Tuesday, March 16, 2010

Chess tournaments- as boring as they sound.

Brought to you by Incubus (I know, I think it’s weird, too. Just go with it.)

So, I’ve had a shitty week. I hesitate to go into detail because most people close to me know what went down (and if you’re a pal-o-mine that is unaware, email/skype me and I’d be happy to ramble to you about my problems) but I’ll leave it at this: I was looking for an excuse to get outta town for a couple days.

That’s when Michael, my recently-named inner voice said to me, “Hey, I’m just spit-ballin’ here, but why don’t you go to a chess tournament in Rabat and take eight kids with you without getting any written consent from their parents?”

I like the way Michael thinks. Here follows an account of the past 36 hours.

First of all, it turns out my kids aren’t that awesome at chess. This isn’t really that surprising because they’ve only been playing about 4 months (they started playing around the time I got to site. These two events are NOT correlated. I suck at chess.) They definitely hung in there, and more importantly learned a lot, but for the most part they lost matches early in the rounds and were left with lots of downtime to:

A. freak out at the concession stand (our little town doesn’t have these), and
B. make me take 50 asgajdglshillion photos of them.

After an exhausting photo sesh, I needed a change of pace. Thankfully, at that exact moment a crazy approached me. She started speaking in English and making shifty eyes, then she asked me if I wanted to hear the rap lyrics she wrote in English. I thought she’d never ask! I didn’t have my pen on me and my memory sucks, otherwise I’d share a sample with you now. I have to admit, she wasn’t bad. This anecdote is starting to remind me of how Tenacious D wrote the Greatest Song in the World but couldn’t remember it, so I’ll move on.

Ah yes, dinner time. I guess I shouldn’t have expected much when the club president (who, by the way, looked and acted exactly like John Hammond’s uppity nephew that takes over the company and fucks everything up in Jurassic Park II: The Lost World) told me free food would be provided, but I did hope to eat more than a baguette with a few slices of Spam-esque “meat,” a Coke and an orange. I guess I could have misunderstood him… he speaks to me in a mix of broken English with a heavy accent, French, and Fusa (classical Arabic). I can figure out the English and French okay, but to me, Fusa sounds like the language of Mordor but sped up. It is a tongue I will not utter here.

What was I talking about?

Okay, well if the free food was shitty, what would you expect the free lodging to look like? Hello youth hostel, it’s been awhile. The place really wasn’t that bad. It was clean, the proprietor was nice and there weren’t many other people there so it was quiet. Of course, it was the first hostel experience for a few of the girls, so they were kind of freaked out. Fears were put aside when we started a bit of a photo shoot in the girls room (yep…I had a sleepover with a bunch of tweens. Giggling, late night snacks, talking about (not) getting married….good times).

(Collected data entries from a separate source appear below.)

lemma C_normal: "C \<lhd> E1_grp"
proof (rule group.normal_invI[OF E1_grp_group C_sub])
  fix x h assume x: "x \<in> carrier E1_grp" and h: "h \<in> C"
  have xE: "x \<in> E1" and hE: "h \<in> E1" using x h C_E1 by (auto simp: E1_grp_simps)
  have "x * h * ring_inv x * ring_inv h \<in> C" using comm_C_gens[OF xE hE] C_gens_C by blast
  then have "x * h * ring_inv x * ring_inv h * h \<in> C"
    using subgroup.m_closed[OF C_sub_UG _ h] by (simp add: units_grp_mult)
  moreover have "x * h * ring_inv x * ring_inv h * h = x * h * ring_inv x"
    using ring_inv_l[OF E1_unit, of h] hE by (simp add: mult.assoc)
  ultimately show "x \<otimes>\<^bsub>E1_grp\<^esub> h \<otimes>\<^bsub>E1_grp\<^esub> inv\<^bsub>E1_grp\<^esub> x \<in> C"
    using xE by (simp add: E1_grp_simps E1_grp_inv)
qed

interpretation CN: normal C E1_grp by (rule C_normal)

lemma Q_group: "group Q" unfolding Q_def by (rule CN.factorgroup_is_group)

lemma qcls_hom: "qcls \<in> hom E1_grp Q"
  unfolding qcls_def[abs_def] Q_def by (rule CN.r_coset_hom_Mod)

lemma qcls_carrier: "u \<in> E1 \<Longrightarrow> qcls u \<in> carrier Q"
  using hom_in_carrier[OF qcls_hom] by (simp add: E1_grp_simps)

lemma qcls_mult: "u \<in> E1 \<Longrightarrow> v \<in> E1 \<Longrightarrow> qcls (u * v) = qcls u \<otimes>\<^bsub>Q\<^esub> qcls v"
  using hom_mult[OF qcls_hom] by (simp add: E1_grp_simps)

lemma Q_carrier: "carrier Q = qcls ` E1"
  by (simp add: Q_def qcls_def[abs_def] carrier_FactGroup E1_grp_simps)

lemma Q_one: "\<one>\<^bsub>Q\<^esub> = C" by (simp add: Q_def)

lemma qcls_C: "c \<in> C \<Longrightarrow> qcls c = \<one>\<^bsub>Q\<^esub>"
  unfolding qcls_def Q_one by (rule subgroup.rcos_const[OF C_sub E1_grp_group])

lemma qcls_one: "qcls 1 = \<one>\<^bsub>Q\<^esub>"
  using qcls_C subgroup.one_closed[OF C_sub] by (simp add: E1_grp_simps)

lemma Q_comm: "comm_group Q"
proof (rule group.group_comm_groupI[OF Q_group])
  fix X Y assume "X \<in> carrier Q" "Y \<in> carrier Q"
  then obtain u v where uv: "u \<in> E1" "v \<in> E1" "X = qcls u" "Y = qcls v" by (auto simp: Q_carrier)
  have uu: "ring_unit u" "ring_unit v" using uv E1_unit by auto
  have uvE: "u * v \<in> E1" "v * u \<in> E1" using uv by auto
  have "u * v * ring_inv (v * u) \<in> C"
    using comm_C_gens[OF uv(1,2)] C_gens_C by (auto simp: ring_inv_mult[OF uu(2,1)] mult.assoc)
  then have "u * v \<in> C #>\<^bsub>E1_grp\<^esub> (v * u)"
    using subgroup.rcos_module_rev[OF C_sub E1_grp_group] uvE by (simp add: E1_grp_simps E1_grp_inv)
  then have "C #>\<^bsub>E1_grp\<^esub> (v * u) = C #>\<^bsub>E1_grp\<^esub> (u * v)"
    using group.repr_independence[OF E1_grp_group _ _ C_sub] uvE by (simp add: E1_grp_simps)
  then have "qcls (u * v) = qcls (v * u)" by (simp add: qcls_def)
  moreover have "X \<otimes>\<^bsub>Q\<^esub> Y = qcls (u * v)" "Y \<otimes>\<^bsub>Q\<^esub> X = qcls (v * u)"
    using uv qcls_mult by simp_all
  ultimately show "X \<otimes>\<^bsub>Q\<^esub> Y = Y \<otimes>\<^bsub>Q\<^esub> X" by simp
qed

interpretation QG: comm_group Q by (rule Q_comm)

lemma qcls_swap: assumes "eps (a * b) = 0" "eps (b * a) = 0"
  shows "qcls (1 + a * b) = qcls (1 + b * a)"
proof -
  let ?x = "1 + a * b" and ?y = "1 + b * a"
  have xy: "?x \<in> E1" "?y \<in> E1" using assms by simp_all
  have g: "?x * ring_inv ?y \<in> C"
    using C_gens_C assms xy unfolding C_gens_def by (force simp: units_grp_inv E1_unit)
  have gE: "?x * ring_inv ?y \<in> E1" using xy eps_ring_inv by simp
  have "qcls ?x = qcls (?x * ring_inv ?y * ?y)"
    using ring_inv_l[OF E1_unit, of ?y] xy by (simp add: mult.assoc)
  also have "\<dots> = qcls ?y" using qcls_mult[OF gE xy(2)] qcls_C[OF g] qcls_carrier[OF xy(2)] by simp
  finally show ?thesis .
qed

lemma qcls_ring_inv: "u \<in> E1 \<Longrightarrow> qcls (ring_inv u) \<otimes>\<^bsub>Q\<^esub> qcls u = \<one>\<^bsub>Q\<^esub>"
  using qcls_mult[of "ring_inv u" u] ring_inv_l[OF E1_unit, of u] eps_ring_inv qcls_one by simp

section \<open>Pivot products modulo \<open>C\<close>\<close>

definition reduces_to_id :: "nat \<Rightarrow> 'b mat \<Rightarrow> bool" where
  "reduces_to_id n X \<longleftrightarrow> (\<forall>i<n. \<forall>k<n. eps (X i k) = idm i k)"

lemma reduces_to_id_blk_mult:
  "reduces_to_id n X \<Longrightarrow> reduces_to_id n Y \<Longrightarrow> reduces_to_id n (blk_mult n X Y)"
  unfolding reduces_to_id_def by (simp add: blk_mult_def sum_idm_left)

lemma reduces_to_id_schur: "reduces_to_id (Suc m) X \<Longrightarrow> reduces_to_id m (schur m X)"
  unfolding reduces_to_id_def by (simp add: schur_def idm_def)

lemma reduces_to_id_E1: "reduces_to_id (Suc m) X \<Longrightarrow> X m m \<in> E1"
  unfolding reduces_to_id_def by (simp add: idm_def)

lemma reduces_to_id_unit: "reduces_to_id (Suc m) X \<Longrightarrow> ring_unit (X m m)"
  using reduces_to_id_E1 E1_unit by simp

lemma reduces_to_id_pivot_prod: "reduces_to_id n X \<Longrightarrow> pivot_prod n X \<in> E1"
proof (induction n arbitrary: X)
  case 0 then show ?case by simp
next
  case (Suc n)
  then show ?case using reduces_to_id_schur[OF Suc.prems] reduces_to_id_E1[OF Suc.prems] by simp
qed

lemma reduces_to_id_col_transv:
  "(\<And>i. i < m \<Longrightarrow> eps (g i) = 0) \<Longrightarrow> reduces_to_id (Suc m) (col_transv m g)"
  unfolding reduces_to_id_def col_transv_def by (simp add: transv_def vtrunc_def)

lemma reduces_to_id_row_transv:
  "(\<And>i. i < m \<Longrightarrow> eps (g i) = 0) \<Longrightarrow> reduces_to_id (Suc m) (row_transv m g)"
  unfolding reduces_to_id_def row_transv_def by (simp add: transv_def vtrunc_def)

lemma reduces_to_id_blk_diag:
  "reduces_to_id m S \<Longrightarrow> eps x = 1 \<Longrightarrow> reduces_to_id (Suc m) (blk_diag m S x)"
  unfolding reduces_to_id_def blk_diag_def by (auto simp: idm_def less_Suc_eq)

lemma reduces_to_id_pivot_col: "reduces_to_id (Suc m) X \<Longrightarrow> i < m \<Longrightarrow> eps (pivot_col m X i) = 0"
  unfolding reduces_to_id_def pivot_col_def by (simp add: idm_def)

lemma reduces_to_id_pivot_row: "reduces_to_id (Suc m) X \<Longrightarrow> i < m \<Longrightarrow> eps (pivot_row m X i) = 0"
  unfolding reduces_to_id_def pivot_row_def by (simp add: idm_def)

lemma reduces_to_id_rank_one:
  "(\<forall>k<n. eps (u k) = 0) \<or> (\<forall>k<n. eps (w k) = 0) \<Longrightarrow>
   reduces_to_id n (\<lambda>i k. idm i k + u i * c * w k)"
  unfolding reduces_to_id_def by auto

lemma qcls_pivot_prod_Suc:
  assumes "reduces_to_id (Suc m) X"
  shows "qcls (pivot_prod (Suc m) X) = qcls (pivot_prod m (schur m X)) \<otimes>\<^bsub>Q\<^esub> qcls (X m m)"
  using qcls_mult[OF reduces_to_id_pivot_prod[OF reduces_to_id_schur[OF assms]] reduces_to_id_E1[OF assms]]
  by simp

text \<open>Eliminating the last pivot \<open>x = 1 + u\<^sub>n c w\<^sub>n\<close> of \<open>I + u c w\<^sup>T\<close> leaves \<open>I + u c' w\<^sup>T\<close> on the
  smaller block, with \<open>c' = c - c w\<^sub>n x\<^sup>-\<^sup>1 u\<^sub>n c\<close>; modulo \<open>C\<close> the pivot may be replaced by
  \<open>1 + c w\<^sub>n u\<^sub>n\<close>, and \<open>(1 + c w\<^sub>n u\<^sub>n) c' = c\<close>.\<close>

lemma pivot_prod_rank_one:
  assumes "(\<forall>k<n. eps (u k) = 0) \<or> (\<forall>k<n. eps (w k) = 0)"
  shows "qcls (pivot_prod n (\<lambda>i k. idm i k + u i * c * w k)) = qcls (1 + c * (\<Sum>k<n. w k * u k))"
  using assms
proof (induction n arbitrary: c)
  case 0 then show ?case by simp
next
  case (Suc n)
  let ?x = "1 + u n * c * w n" and ?y = "1 + c * w n * u n" and ?s = "\<Sum>k<n. w k * u k"
  define c' where "c' = c - c * w n * ring_inv ?x * u n * c"
  have hyp: "(\<forall>k<n. eps (u k) = 0) \<or> (\<forall>k<n. eps (w k) = 0)" using Suc.prems by auto
  have E: "?x \<in> E1" "?y \<in> E1" "1 + c' * ?s \<in> E1" using Suc.prems by auto
  have "pivot_prod n (schur n (\<lambda>i k. idm i k + u i * c * w k))
      = pivot_prod n (\<lambda>i k. idm i k + u i * c' * w k)"
    by (rule pivot_prod_cong) (simp add: schur_def idm_def c'_def algebra_simps)
  then have "pivot_prod (Suc n) (\<lambda>i k. idm i k + u i * c * w k)
      = pivot_prod n (\<lambda>i k. idm i k + u i * c' * w k) * ?x"
    by (simp add: idm_def)
  then have "qcls (pivot_prod (Suc n) (\<lambda>i k. idm i k + u i * c * w k))
      = qcls (pivot_prod n (\<lambda>i k. idm i k + u i * c' * w k)) \<otimes>\<^bsub>Q\<^esub> qcls ?x"
    using qcls_mult reduces_to_id_pivot_prod[OF reduces_to_id_rank_one[OF hyp]] E(1) by simp
  also have "\<dots> = qcls (1 + c' * ?s) \<otimes>\<^bsub>Q\<^esub> qcls ?y"
    using Suc.IH[OF hyp] qcls_swap[of "u n" "c * w n"] Suc.prems by (auto simp: mult.assoc)
  also have "\<dots> = qcls (?y * (1 + c' * ?s))"
    using qcls_mult E qcls_carrier by (simp add: QG.m_comm)
  also have "?y * (1 + c' * ?s) = 1 + c * (\<Sum>k<Suc n. w k * u k)"
  proof -
    have "?y * c' = c"
      using ring_inv_push_through[of "u n" "c * w n" c] E1_unit E(1) by (simp add: c'_def mult.assoc)
    then have "?y + ?y * c' * ?s = 1 + c * (\<Sum>k<Suc n. w k * u k)" by (simp add: algebra_simps)
    then show ?thesis by (simp add: distrib_left mult.assoc)
  qed
  finally show ?case .
qed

Which brings us to day two. FUCKING WALID woke me up at 7:15 because he wanted my camera. Mind you, breakfast would not be served until 9:00, and my alarm was set for 8:30, but none of that matters now, I suppose.

Anyway, Walid woke me up because it was very important that he take photos of everyone sitting in the lobby of the hostel for twenty minutes. Did I laugh heartily and in his face when Walid fell backwards out of his chair later that day? Yes. Yes I did.

Because we had so much downtime, Amin, my Counterpart on this, thought it would be cool to walk around a bit. Parliament was near where we were staying, so I was planning to take pictures of the kids there.

Unfortunately for me, the kids freaked over a group of pigeons and everyone wanted there photo taken with them. This ran my battery down and it died before we even got to the Parliament building. Their loss.

Now it’s 9:00 am. Breakfast is served, and guess what? It was shitty.

Actually breakfast was pretty good, I am just bitter because the only drink they offered was milk. I hesitated to drink mine, convinced some magical man would be coming around momentarily to pour coffee in it, but no dice. (Luckily, I was able to get coffee a bit later in the club’s “Member’s Only” café, of which I am not a member.)

Let’s see…other highlights from day two. Ah yes…

SPOTTED: Moroccan stage mom. I didn’t get a pic of her, but she was legit. Bedazzled track suit, huge sunglasses, camera in hand, constantly hovering over her son, Augustus Gloop.

Even after SPOTTING a stage mom and Roald Dahl character in the flesh, I still needed something to occupy my time. Did I mention I like to doodle?

All my complaining aside, we had a good time. Four of the kids in my group placed in the competition (take THAT, city slickers) and the rest of them were on such sugar highs I don’t think they even knew they were competing.